[Records from a collection]
=====
definition C2_on :: "(complex \<Rightarrow> real) \<Rightarrow> complex set \<Rightarrow> bool" where
  "C2_on f U \<longleftrightarrow> open U \<and> continuous_on U f \<and>
     (\<forall>v\<in>{1, \<i>}.
        (\<forall>z\<in>U. (\<lambda>t::real. f (z + complex_of_real t * v)) differentiable (at 0)) \<and>
        continuous_on U (pdir v f) \<and>
        (\<forall>w\<in>{1, \<i>}.
           (\<forall>z\<in>U. (\<lambda>t::real. pdir v f (z + complex_of_real t * w)) differentiable (at 0)) \<and>
           continuous_on U (pdir w (pdir v f))))"

definition laplacian :: "(complex \<Rightarrow> real) \<Rightarrow> complex \<Rightarrow> real" where
  "laplacian f z = pdir 1 (pdir 1 f) z + pdir \<i> (pdir \<i> f) z"

definition real_analytic_on :: "(complex \<Rightarrow> real) \<Rightarrow> complex set \<Rightarrow> bool" where
  "real_analytic_on f U \<longleftrightarrow> (\<forall>p\<in>U. \<exists>r>0. \<exists>a :: nat \<Rightarrow> nat \<Rightarrow> real. \<forall>z\<in>ball p r.
      (\<lambda>(j,k). \<bar>a j k * (Re (z - p)) ^ j * (Im (z - p)) ^ k\<bar>) summable_on UNIV \<and>
      ((\<lambda>(j,k). a j k * (Re (z - p)) ^ j * (Im (z - p)) ^ k) has_sum f z) UNIV)"

definition smooth_jordan_curve :: "complex set \<Rightarrow> bool" where
  "smooth_jordan_curve C \<longleftrightarrow> (\<exists>\<gamma> :: real \<Rightarrow> complex.
      (\<forall>t. \<gamma> (t + 1) = \<gamma> t) \<and>
      (\<forall>n t. (((\<lambda>g t. vector_derivative g (at t)) ^^ n) \<gamma>) differentiable (at t)) \<and>
      (\<forall>t. vector_derivative \<gamma> (at t) \<noteq> 0) \<and>
      inj_on \<gamma> {0..<1} \<and> C = \<gamma> ` {0..1})"

definition tau_admissible :: "(complex \<Rightarrow> real) \<Rightarrow> real \<Rightarrow> bool" where
  "tau_admissible Q tau \<longleftrightarrow> 0 < tau \<and>
     (\<exists>!\<mu>. is_minimizer Q tau \<mu>) \<and>
     S_Q Q tau = Sstar Q tau \<and>
     (\<exists>U. open U \<and> S_Q Q tau \<subseteq> U \<and> C2_on Q U \<and> real_analytic_on Q U \<and>
          (\<forall>z\<in>U. laplacian Q z > 0)) \<and>
     Liminf at_infinity (\<lambda>z. ereal (Q z / ln ((cmod z)\<^sup>2))) > ereal tau \<and>
     smooth_jordan_curve (frontier (S_Q Q tau))"

definition unit_admissible :: "(complex \<Rightarrow> real) \<Rightarrow> bool" where
  "unit_admissible Q \<longleftrightarrow>
     (\<exists>\<delta>>0. \<forall>tau\<in>{0<..<1+\<delta>}. tau_admissible Q tau) \<and> (\<exists>z0. S_Q Q 0 = {z0})"

end

theory Submission
  imports Defs "HOL-Complex_Analysis.Cauchy_Integral_Formula"
begin

(* The constant min Q is a competitor for every tau >= 0, which gives min Q <= checkQ Q tau.
   Conversely, let z0 be the minimum point of Q.  The constant competitor touches Q at z0, so z0
   lies in the droplet S_{Q,1/2}; hence Q is continuous at z0 and Q <= M := min Q + eps on a disc
   D(z0,r).  A competitor q of growth tau log|z|^2 is compared on large annuli r <= |z-z0| <= R
   with M + 4 tau log(|z-z0|/r): after adding delta |z-z0|^2 the comparison function is strictly
   subharmonic, so by the sub-mean value property the maximum of q plus it, which exists since q
   is upper semicontinuous, lies on the boundary circles.  Letting delta -> 0 gives
   checkQ Q tau z <= M + 4 tau log+(|z-z0|/r), which tends to M as tau -> 0. *)

lemma ereal_int_mono:
  assumes "\<And>t. f t \<le> g t"
  shows "ereal_int M f \<le> ereal_int M g"
proof -
  have "(\<integral>\<^sup>+ x. e2ennreal (f x) \<partial>M) \<le> (\<integral>\<^sup>+ x. e2ennreal (g x) \<partial>M)"
    by (intro nn_integral_mono e2ennreal_mono assms)
  moreover have "(\<integral>\<^sup>+ x. e2ennreal (- g x) \<partial>M) \<le> (\<integral>\<^sup>+ x. e2ennreal (- f x) \<partial>M)"
    by (intro nn_integral_mono e2ennreal_mono) (simp add: assms)
  ultimately show ?thesis
    unfolding ereal_int_def
    by (intro ereal_minus_mono) (simp_all add: less_eq_ennreal.rep_eq[symmetric])
qed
=====
WORK INSTRUCTIONS: Report every line above that has the string "have" in it.

RESULT BELOW:
  have "(\<integral>\<^sup>+ x. e2ennreal (f x) \<partial>M) \<le> (\<integral>\<^sup>+ x. e2ennreal (g x) \<partial>M)"
  moreover have "(\<integral>\<^sup>+ x. e2ennreal (- g x) \<partial>M) \<le> (\<integral>\<^sup>+ x. e2ennreal (- f x) \<partial>M)"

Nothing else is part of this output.